When I was in high school, my nickname was Big Nose. (I’ve noticed that nicknames are most effective when they simply state the undeniable. ”Big Nose.” “United Assclown.” You get the picture.)

People grow into their noses. There I was, this hundred-and-twenty-five-pound fifteen-year-old with an enormous nose. I didn’t mind it. My mother told me to ignore them; they were just jealous, she said. So I would tell my detractors that they were just jealous. “Yeah right, I’m jealous of your big, fat nose. Big Nose.” I learned that the “you’re just jealous” line doesn’t actually work.
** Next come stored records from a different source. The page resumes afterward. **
definition coordF :: "('n::finite \<Rightarrow> 'n \<Rightarrow> real) \<Rightarrow> real \<Rightarrow> 'n \<Rightarrow> ('n \<Rightarrow> real) \<Rightarrow> real \<Rightarrow> real" where
  "coordF K a j \<epsilon> = (\<lambda>x. a * x + (1 - a) * (\<Sum>i\<in>UNIV. \<epsilon> i * K i j))"

definition coordinatewise_injective :: "('n::finite \<Rightarrow> 'n \<Rightarrow> real) \<Rightarrow> real \<Rightarrow> bool" where
  "coordinatewise_injective K a \<longleftrightarrow>
     (\<forall>j \<epsilon> \<epsilon>'. (\<forall>i. \<epsilon> i \<in> {0, 1}) \<longrightarrow> (\<forall>i. \<epsilon>' i \<in> {0, 1}) \<longrightarrow>
        coordF K a j \<epsilon> \<noteq> coordF K a j \<epsilon>' \<longrightarrow>
        coordF K a j \<epsilon> ` {0..1} \<inter> coordF K a j \<epsilon>' ` {0..1} = {})"

definition base_part_coord :: "('n::finite \<Rightarrow> 'n \<Rightarrow> real) \<Rightarrow> ('n \<Rightarrow> 'n \<Rightarrow> real) \<Rightarrow> 'n \<Rightarrow> real set set" where
  "base_part_coord s T i =
     {L. \<exists>v\<in>{0..1}. L = {u\<in>{0..1}. (\<lambda>k. heav (s i k * (u - T i k))) = (\<lambda>k. heav (s i k * (v - T i k)))}}"

definition base_part :: "('n::finite \<Rightarrow> 'n \<Rightarrow> real) \<Rightarrow> ('n \<Rightarrow> 'n \<Rightarrow> real) \<Rightarrow> ('n \<Rightarrow> real) set set" where
  "base_part s T = {Pi UNIV I | I. \<forall>i. I i \<in> base_part_coord s T i}"

text \<open>partP K s T a t = \<P>^t for t \<ge> 1 (the value at t = 0 is irrelevant).\<close>
fun partP :: "('n::finite \<Rightarrow> 'n \<Rightarrow> real) \<Rightarrow> ('n \<Rightarrow> 'n \<Rightarrow> real) \<Rightarrow> ('n \<Rightarrow> 'n \<Rightarrow> real) \<Rightarrow> real \<Rightarrow>
    nat \<Rightarrow> ('n \<Rightarrow> real) set set" where
  "partP K s T a 0 = {}"
| "partP K s T a (Suc 0) = base_part s T"
| "partP K s T a (Suc (Suc n)) =
     {netF K s T a -` I \<inter> J | I J. I \<in> partP K s T a (Suc n) \<and> J \<in> base_part s T
        \<and> netF K s T a -` I \<inter> J \<noteq> {}}"

definition partQ :: "('n::finite \<Rightarrow> 'n \<Rightarrow> real) \<Rightarrow> ('n \<Rightarrow> 'n \<Rightarrow> real) \<Rightarrow> ('n \<Rightarrow> 'n \<Rightarrow> real) \<Rightarrow> real \<Rightarrow>
    nat \<Rightarrow> ('n \<Rightarrow> real) set set" where
  "partQ K s T a t = {(netF K s T a ^^ (t - 1)) ` I | I. I \<in> partP K s T a t}"

definition partQ_coord :: "('n::finite \<Rightarrow> 'n \<Rightarrow> real) \<Rightarrow> ('n \<Rightarrow> 'n \<Rightarrow> real) \<Rightarrow> ('n \<Rightarrow> 'n \<Rightarrow> real) \<Rightarrow> real \<Rightarrow>
    nat \<Rightarrow> 'n \<Rightarrow> real set set" where
  "partQ_coord K s T a t i = {(\<lambda>x. x i) ` J | J. J \<in> partQ K s T a t}"

end

theory Submission
  imports Defs
begin

text \<open>Every \<open>Q \<in> \<Q>\<^sup>t\<^sup>+\<^sup>1\<close> has the form \<open>F(Q') \<inter> J\<close> with \<open>Q' \<in> \<Q>\<^sup>t\<close> and
  \<open>J \<in> \<P>\<close>. Since \<open>Q'\<close> lies in a single base cell, on which \<open>F\<close> acts coordinatewise
  by affine maps \<open>\<phi>\<^sub>j(x) = a x + (1 - a) \<Sum>\<^sub>k \<epsilon>\<^sub>k K\<^sub>k\<^sub>,\<^sub>j\<close>, all members of \<open>\<Q>\<^sup>t\<close> are
  products and \<open>\<Pi>\<^sub>i Q = \<phi>\<^sub>i(\<Pi>\<^sub>i Q') \<inter> J\<^sub>i\<close>. If two such projections meet, their
  factors \<open>J\<^sub>i\<close> meet and are therefore equal, and coordinatewise injectivity forces
  the two maps \<open>\<phi>\<^sub>i\<close> to coincide. Then either \<open>a = 0\<close> and \<open>\<phi>\<^sub>i\<close> is constant, or
  \<open>\<phi>\<^sub>i\<close> is injective, so the projections of the two predecessors meet and are
  equal by induction on \<open>t\<close>.\<close>

lemma base_part_coord_subset: "J \<in> base_part_coord s T i \<Longrightarrow> J \<subseteq> {0..1}"
  unfolding base_part_coord_def by auto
But sometimes people truly are jealous, because what I also had was an inordinately large penis. That spawned my other nickname, which was Godzilla. A long, veiny, frightful thing that stood a proud nine fat inches at a precise forty-five degree angle when aroused. It’s about as thick as my wrist. So in the locker room if I had the embarrassing misfortune to experience one of those involuntary erections that one gets at that age, people would run screaming. Me and my big nose and my big dick. Who’s laughing now?

And this is the part of the show where I invite the audience to sit quietly and wind their watches as I indulge myself in talking about my own beautiful penis while waiting for people to buy their tickets so that I can hire camera guys and writers and put on a proper show.

My ejaculate tends to be substantial, issuing forth in great, looping ropes. There are generally five or six spasms propelling each successive rope a bit further. There’s no timid leaking-out of anything. And there’s more where that came from.

I have big, egg-like nuts, too. They’re not the kind that are cooped up right next to my abdomen. They hang and sway this way and that in a hairy, loose nut sack. They’re bull balls is what they are. You can see them hang halfway down my leg in some stage photos from ten years ago, the ones where I’m wearing tan-colored trousers.

And that will be all. I trust that our esteemed Supreme Court Justices haven’t overwound their watches in their forbearance of my digression.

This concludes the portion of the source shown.